Description of the task. Filter the entries, keeping every line with the string "definition".

[Saved data entries]
───

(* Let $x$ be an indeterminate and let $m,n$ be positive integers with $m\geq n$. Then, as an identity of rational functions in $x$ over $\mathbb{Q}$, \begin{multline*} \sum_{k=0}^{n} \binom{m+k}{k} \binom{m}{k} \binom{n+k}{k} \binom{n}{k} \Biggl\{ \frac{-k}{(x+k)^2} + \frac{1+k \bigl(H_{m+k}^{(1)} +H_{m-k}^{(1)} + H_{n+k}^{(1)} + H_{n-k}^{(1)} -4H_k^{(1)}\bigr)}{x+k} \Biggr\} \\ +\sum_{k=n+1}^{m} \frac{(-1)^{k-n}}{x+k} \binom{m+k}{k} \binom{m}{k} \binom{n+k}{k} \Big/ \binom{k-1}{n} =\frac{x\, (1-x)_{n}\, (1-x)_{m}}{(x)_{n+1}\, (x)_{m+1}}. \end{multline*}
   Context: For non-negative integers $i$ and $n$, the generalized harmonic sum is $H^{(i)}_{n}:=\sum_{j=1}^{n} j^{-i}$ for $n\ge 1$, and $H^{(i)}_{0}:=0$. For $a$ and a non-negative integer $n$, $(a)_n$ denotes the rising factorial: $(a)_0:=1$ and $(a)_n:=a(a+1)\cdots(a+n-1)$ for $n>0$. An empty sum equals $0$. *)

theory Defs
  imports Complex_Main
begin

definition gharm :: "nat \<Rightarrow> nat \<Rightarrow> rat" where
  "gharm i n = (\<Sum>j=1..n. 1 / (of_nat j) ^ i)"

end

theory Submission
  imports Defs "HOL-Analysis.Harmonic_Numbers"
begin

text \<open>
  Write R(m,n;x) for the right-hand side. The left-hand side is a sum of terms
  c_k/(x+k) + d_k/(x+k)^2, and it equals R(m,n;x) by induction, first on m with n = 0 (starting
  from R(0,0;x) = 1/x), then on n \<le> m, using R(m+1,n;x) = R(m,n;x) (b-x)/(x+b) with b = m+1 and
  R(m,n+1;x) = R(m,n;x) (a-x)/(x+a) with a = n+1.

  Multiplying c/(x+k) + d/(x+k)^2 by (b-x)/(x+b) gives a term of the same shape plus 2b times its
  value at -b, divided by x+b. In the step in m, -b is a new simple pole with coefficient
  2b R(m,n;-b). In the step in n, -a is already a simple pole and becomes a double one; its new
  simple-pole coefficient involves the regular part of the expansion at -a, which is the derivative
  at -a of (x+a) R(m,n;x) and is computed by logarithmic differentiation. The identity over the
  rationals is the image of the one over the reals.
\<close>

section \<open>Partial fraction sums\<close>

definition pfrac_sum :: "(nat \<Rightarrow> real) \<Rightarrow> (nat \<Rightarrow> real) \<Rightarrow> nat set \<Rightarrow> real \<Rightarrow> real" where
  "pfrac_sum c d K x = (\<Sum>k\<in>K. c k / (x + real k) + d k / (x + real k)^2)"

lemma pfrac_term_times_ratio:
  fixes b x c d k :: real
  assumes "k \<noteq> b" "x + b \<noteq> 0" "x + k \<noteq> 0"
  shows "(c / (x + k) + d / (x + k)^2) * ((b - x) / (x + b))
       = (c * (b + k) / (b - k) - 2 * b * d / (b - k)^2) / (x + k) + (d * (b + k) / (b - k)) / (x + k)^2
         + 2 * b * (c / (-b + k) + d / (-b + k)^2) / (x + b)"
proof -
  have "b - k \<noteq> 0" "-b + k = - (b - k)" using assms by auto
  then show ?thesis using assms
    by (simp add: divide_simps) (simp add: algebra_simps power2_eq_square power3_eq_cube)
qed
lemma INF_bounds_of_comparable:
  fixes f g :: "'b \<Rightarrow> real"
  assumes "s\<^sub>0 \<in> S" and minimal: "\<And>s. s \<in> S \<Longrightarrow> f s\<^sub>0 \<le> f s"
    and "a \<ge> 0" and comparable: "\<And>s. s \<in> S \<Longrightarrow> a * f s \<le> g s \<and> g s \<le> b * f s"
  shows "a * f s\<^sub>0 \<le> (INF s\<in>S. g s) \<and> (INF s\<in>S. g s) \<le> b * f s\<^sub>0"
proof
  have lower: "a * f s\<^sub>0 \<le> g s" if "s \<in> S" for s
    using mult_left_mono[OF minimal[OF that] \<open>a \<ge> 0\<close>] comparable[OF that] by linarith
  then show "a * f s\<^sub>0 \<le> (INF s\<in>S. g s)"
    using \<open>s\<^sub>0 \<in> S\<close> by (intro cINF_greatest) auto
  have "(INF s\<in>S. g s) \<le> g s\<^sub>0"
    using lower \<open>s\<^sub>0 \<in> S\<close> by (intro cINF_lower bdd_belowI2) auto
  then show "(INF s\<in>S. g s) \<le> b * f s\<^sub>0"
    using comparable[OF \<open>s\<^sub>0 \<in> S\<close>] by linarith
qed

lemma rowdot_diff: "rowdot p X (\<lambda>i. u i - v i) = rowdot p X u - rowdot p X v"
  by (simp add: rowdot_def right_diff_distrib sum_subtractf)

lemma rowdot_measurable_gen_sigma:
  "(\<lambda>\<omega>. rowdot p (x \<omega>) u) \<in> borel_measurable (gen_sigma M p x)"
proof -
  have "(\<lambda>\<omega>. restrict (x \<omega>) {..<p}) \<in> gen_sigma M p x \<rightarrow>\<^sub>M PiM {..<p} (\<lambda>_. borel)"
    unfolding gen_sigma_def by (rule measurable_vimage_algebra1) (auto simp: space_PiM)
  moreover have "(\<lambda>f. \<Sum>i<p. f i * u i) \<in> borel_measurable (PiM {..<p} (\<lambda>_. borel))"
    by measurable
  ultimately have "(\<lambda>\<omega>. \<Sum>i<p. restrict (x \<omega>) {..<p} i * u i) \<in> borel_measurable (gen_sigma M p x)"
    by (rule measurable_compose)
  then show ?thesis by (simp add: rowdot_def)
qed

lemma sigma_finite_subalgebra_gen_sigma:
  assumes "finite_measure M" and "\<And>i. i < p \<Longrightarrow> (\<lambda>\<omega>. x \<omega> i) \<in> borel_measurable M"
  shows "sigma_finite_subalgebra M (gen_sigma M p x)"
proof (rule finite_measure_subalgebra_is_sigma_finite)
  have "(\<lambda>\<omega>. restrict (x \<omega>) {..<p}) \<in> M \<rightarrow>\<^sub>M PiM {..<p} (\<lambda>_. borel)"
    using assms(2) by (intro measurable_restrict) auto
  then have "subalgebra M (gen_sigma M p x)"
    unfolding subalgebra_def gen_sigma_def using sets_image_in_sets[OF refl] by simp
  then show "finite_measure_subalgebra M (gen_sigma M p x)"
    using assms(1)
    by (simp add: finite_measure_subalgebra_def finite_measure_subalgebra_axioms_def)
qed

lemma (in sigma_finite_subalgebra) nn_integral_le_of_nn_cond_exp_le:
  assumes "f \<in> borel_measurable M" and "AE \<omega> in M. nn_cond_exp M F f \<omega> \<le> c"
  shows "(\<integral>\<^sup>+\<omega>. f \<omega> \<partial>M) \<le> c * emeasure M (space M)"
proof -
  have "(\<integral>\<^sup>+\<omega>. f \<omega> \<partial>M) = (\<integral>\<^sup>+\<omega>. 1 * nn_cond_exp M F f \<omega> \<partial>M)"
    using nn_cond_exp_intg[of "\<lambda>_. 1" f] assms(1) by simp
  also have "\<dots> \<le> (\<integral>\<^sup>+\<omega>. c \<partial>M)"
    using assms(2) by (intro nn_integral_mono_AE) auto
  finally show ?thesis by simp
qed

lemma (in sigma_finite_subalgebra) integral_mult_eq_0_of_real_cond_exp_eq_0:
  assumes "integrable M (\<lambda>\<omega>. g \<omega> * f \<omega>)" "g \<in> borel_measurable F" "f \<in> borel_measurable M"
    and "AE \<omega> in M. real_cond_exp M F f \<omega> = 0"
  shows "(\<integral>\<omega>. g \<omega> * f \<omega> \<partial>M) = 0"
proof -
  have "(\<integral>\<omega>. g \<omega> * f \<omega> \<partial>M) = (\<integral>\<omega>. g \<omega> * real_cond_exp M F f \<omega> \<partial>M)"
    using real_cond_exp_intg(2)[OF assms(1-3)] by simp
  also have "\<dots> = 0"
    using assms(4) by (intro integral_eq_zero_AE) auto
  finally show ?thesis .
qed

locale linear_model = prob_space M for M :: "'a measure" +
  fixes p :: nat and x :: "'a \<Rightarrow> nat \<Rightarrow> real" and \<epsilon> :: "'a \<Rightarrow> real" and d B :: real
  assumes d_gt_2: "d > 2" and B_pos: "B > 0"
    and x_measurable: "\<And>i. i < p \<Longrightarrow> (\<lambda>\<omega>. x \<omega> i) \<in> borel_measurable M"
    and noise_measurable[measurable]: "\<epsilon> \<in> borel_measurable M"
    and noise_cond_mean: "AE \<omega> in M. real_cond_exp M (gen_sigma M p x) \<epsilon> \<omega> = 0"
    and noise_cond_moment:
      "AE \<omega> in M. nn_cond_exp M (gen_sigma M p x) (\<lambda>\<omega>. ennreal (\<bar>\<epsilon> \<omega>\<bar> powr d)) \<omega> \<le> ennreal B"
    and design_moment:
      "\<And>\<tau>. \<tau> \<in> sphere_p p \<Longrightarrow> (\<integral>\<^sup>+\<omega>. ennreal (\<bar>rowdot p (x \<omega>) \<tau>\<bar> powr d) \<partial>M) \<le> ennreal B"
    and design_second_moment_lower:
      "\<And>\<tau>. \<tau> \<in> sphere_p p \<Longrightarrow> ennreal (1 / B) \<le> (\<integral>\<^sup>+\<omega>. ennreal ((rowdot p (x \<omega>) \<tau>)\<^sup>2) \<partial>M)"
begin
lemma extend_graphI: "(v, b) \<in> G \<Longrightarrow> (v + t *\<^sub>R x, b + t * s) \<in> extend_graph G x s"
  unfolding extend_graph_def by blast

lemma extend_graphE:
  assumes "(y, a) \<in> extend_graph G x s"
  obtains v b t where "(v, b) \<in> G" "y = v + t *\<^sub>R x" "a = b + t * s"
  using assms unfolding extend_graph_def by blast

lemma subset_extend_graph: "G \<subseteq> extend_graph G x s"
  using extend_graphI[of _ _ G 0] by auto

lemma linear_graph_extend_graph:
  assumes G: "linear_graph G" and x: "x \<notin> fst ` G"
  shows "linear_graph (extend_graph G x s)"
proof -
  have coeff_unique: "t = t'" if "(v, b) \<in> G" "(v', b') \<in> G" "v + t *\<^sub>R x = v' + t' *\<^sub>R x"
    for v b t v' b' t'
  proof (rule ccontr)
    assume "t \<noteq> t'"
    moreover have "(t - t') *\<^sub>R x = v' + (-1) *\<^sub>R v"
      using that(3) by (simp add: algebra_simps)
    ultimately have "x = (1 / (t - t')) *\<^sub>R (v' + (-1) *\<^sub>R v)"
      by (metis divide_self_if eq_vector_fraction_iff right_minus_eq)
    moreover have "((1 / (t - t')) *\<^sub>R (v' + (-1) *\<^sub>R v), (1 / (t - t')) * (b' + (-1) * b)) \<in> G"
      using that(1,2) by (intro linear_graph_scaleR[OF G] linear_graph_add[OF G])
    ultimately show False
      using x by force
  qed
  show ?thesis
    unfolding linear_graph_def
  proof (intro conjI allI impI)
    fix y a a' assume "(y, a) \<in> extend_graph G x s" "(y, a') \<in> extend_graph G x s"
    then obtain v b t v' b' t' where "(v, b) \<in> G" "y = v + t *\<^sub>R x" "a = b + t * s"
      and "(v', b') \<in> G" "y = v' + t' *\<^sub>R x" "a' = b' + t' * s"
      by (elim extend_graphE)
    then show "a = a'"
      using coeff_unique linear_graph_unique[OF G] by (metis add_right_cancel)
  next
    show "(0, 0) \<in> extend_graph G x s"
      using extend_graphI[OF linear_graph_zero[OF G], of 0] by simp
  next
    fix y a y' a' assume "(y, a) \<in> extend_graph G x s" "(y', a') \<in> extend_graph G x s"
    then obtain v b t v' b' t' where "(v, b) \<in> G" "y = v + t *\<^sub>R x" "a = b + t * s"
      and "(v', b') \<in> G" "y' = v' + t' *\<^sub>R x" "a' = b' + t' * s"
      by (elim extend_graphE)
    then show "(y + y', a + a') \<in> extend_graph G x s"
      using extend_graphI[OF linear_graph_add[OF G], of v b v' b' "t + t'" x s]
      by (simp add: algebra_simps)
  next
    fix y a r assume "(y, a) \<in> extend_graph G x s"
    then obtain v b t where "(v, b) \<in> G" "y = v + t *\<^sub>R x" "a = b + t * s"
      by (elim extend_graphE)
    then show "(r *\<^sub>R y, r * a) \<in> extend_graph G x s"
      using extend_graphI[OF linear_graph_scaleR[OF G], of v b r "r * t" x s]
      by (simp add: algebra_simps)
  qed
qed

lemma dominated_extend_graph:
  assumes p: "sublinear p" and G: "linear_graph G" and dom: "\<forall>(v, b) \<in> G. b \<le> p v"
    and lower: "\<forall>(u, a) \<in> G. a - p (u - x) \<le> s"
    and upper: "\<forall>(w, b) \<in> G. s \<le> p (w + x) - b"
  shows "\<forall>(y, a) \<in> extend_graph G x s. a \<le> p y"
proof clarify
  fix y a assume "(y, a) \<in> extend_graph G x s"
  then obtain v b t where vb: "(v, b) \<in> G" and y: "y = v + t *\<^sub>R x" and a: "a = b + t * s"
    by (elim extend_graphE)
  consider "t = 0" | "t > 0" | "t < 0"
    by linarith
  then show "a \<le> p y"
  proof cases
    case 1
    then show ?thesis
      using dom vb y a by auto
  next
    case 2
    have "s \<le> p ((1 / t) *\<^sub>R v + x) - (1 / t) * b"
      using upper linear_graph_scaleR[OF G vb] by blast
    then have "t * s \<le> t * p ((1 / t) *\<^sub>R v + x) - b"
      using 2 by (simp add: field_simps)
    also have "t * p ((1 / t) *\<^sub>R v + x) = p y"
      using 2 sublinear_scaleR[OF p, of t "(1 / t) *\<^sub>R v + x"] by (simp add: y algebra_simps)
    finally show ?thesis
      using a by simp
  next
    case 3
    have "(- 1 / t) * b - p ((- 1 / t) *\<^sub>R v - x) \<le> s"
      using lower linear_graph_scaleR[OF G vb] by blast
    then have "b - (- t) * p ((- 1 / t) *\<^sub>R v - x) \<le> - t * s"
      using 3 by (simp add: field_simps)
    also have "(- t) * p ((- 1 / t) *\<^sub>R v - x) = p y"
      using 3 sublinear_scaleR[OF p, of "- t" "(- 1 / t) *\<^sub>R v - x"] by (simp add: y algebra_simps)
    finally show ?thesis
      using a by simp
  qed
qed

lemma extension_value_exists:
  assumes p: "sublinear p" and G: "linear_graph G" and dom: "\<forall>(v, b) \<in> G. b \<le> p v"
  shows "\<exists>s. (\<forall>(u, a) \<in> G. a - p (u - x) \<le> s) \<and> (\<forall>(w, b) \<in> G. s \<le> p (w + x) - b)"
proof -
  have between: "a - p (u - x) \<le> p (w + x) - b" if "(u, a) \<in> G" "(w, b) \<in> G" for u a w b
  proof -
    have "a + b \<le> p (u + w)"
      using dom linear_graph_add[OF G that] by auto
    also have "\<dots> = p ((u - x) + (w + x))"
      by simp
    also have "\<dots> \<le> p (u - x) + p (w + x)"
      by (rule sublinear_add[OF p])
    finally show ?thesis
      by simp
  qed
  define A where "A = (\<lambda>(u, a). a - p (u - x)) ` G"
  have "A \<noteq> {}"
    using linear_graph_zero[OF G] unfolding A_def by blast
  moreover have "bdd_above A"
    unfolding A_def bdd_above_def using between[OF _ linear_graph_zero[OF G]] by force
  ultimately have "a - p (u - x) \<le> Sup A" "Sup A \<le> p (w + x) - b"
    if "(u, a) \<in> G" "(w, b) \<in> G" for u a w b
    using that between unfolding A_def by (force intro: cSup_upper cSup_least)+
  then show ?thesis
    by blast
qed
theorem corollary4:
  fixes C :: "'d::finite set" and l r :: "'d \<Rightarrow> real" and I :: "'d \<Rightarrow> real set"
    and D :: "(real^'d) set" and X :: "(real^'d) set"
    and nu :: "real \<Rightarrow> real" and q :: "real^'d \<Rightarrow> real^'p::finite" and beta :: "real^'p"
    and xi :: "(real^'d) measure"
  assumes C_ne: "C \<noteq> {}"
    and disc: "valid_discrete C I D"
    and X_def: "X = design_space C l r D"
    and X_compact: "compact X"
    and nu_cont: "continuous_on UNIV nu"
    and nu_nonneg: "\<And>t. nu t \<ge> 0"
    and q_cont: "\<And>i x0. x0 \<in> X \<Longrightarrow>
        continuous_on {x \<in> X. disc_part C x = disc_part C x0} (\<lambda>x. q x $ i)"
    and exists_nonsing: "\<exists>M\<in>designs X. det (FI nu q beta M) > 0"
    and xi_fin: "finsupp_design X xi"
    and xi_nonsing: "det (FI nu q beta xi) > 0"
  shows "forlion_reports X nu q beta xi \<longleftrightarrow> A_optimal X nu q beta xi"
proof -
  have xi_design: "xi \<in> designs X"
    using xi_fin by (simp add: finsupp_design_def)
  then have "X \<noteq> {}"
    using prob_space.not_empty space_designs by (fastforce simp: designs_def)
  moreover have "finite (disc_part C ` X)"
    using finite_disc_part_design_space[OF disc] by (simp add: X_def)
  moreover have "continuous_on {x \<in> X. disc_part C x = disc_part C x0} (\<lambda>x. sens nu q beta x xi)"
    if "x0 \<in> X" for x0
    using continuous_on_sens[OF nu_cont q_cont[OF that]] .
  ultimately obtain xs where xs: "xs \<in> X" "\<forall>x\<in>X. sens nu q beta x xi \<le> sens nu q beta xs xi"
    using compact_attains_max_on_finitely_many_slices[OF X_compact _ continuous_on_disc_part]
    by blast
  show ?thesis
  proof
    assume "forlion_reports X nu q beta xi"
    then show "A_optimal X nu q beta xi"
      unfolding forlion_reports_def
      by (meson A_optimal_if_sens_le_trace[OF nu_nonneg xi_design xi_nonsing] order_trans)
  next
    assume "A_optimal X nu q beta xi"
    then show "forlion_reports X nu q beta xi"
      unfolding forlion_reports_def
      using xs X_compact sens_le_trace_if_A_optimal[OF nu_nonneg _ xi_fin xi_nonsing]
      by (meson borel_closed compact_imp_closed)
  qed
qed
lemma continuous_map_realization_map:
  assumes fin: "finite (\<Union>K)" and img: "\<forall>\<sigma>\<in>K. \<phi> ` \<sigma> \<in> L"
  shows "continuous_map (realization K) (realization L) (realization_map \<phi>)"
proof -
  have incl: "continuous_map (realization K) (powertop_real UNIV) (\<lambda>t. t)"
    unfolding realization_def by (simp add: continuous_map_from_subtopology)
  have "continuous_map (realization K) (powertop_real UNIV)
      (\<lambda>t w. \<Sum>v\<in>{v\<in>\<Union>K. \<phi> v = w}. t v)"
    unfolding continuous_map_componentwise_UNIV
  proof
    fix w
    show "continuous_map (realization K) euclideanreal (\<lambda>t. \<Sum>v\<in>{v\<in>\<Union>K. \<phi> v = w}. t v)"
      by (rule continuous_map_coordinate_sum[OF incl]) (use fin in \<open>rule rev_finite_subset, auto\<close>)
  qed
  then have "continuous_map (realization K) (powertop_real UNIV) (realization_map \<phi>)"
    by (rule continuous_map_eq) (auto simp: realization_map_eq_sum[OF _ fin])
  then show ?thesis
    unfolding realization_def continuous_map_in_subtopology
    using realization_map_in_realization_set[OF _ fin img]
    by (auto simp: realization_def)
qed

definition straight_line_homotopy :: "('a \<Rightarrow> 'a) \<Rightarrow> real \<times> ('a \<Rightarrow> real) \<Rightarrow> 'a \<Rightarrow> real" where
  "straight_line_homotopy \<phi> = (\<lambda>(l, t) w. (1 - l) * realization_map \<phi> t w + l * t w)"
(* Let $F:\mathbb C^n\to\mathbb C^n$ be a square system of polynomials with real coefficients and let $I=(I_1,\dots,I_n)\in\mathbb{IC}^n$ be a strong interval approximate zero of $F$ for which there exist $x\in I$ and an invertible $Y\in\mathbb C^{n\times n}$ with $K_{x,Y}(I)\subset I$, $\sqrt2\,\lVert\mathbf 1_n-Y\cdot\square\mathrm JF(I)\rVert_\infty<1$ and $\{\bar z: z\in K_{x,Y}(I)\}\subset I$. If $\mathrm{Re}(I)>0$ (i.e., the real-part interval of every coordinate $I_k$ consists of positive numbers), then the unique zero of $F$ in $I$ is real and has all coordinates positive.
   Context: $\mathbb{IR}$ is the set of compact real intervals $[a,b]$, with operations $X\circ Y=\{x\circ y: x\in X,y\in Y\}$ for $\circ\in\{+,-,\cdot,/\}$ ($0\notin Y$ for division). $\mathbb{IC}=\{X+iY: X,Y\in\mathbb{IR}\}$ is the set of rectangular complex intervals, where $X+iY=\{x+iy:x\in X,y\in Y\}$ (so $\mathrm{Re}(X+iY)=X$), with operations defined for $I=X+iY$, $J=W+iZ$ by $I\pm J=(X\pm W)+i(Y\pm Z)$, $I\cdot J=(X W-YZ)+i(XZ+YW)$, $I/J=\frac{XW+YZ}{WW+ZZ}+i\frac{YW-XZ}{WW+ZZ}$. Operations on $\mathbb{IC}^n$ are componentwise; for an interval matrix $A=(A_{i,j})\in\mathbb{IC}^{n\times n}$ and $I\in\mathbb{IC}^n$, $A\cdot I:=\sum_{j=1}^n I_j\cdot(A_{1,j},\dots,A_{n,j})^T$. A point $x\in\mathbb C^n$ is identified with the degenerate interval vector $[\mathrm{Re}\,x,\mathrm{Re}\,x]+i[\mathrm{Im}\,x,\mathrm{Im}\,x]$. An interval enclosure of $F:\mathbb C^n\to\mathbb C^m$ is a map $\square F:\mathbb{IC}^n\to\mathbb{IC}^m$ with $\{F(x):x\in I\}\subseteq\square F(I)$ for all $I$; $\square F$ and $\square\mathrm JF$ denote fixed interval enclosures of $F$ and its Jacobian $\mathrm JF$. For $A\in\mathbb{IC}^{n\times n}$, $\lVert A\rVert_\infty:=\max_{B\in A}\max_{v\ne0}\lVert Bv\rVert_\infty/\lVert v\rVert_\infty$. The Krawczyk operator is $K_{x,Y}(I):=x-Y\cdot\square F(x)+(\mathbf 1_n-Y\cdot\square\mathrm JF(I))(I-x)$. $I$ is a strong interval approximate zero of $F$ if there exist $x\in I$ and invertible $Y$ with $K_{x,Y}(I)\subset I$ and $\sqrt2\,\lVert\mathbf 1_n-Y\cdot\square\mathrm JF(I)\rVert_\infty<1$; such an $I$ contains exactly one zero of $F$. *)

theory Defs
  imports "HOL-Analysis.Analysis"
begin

───

Final answer.
definition gharm :: "nat \<Rightarrow> nat \<Rightarrow> rat" where
definition pfrac_sum :: "(nat \<Rightarrow> real) \<Rightarrow> (nat \<Rightarrow> real) \<Rightarrow> nat set \<Rightarrow> real \<Rightarrow> real" where
definition straight_line_homotopy :: "('a \<Rightarrow> 'a) \<Rightarrow> real \<times> ('a \<Rightarrow> real) \<Rightarrow> 'a \<Rightarrow> real" where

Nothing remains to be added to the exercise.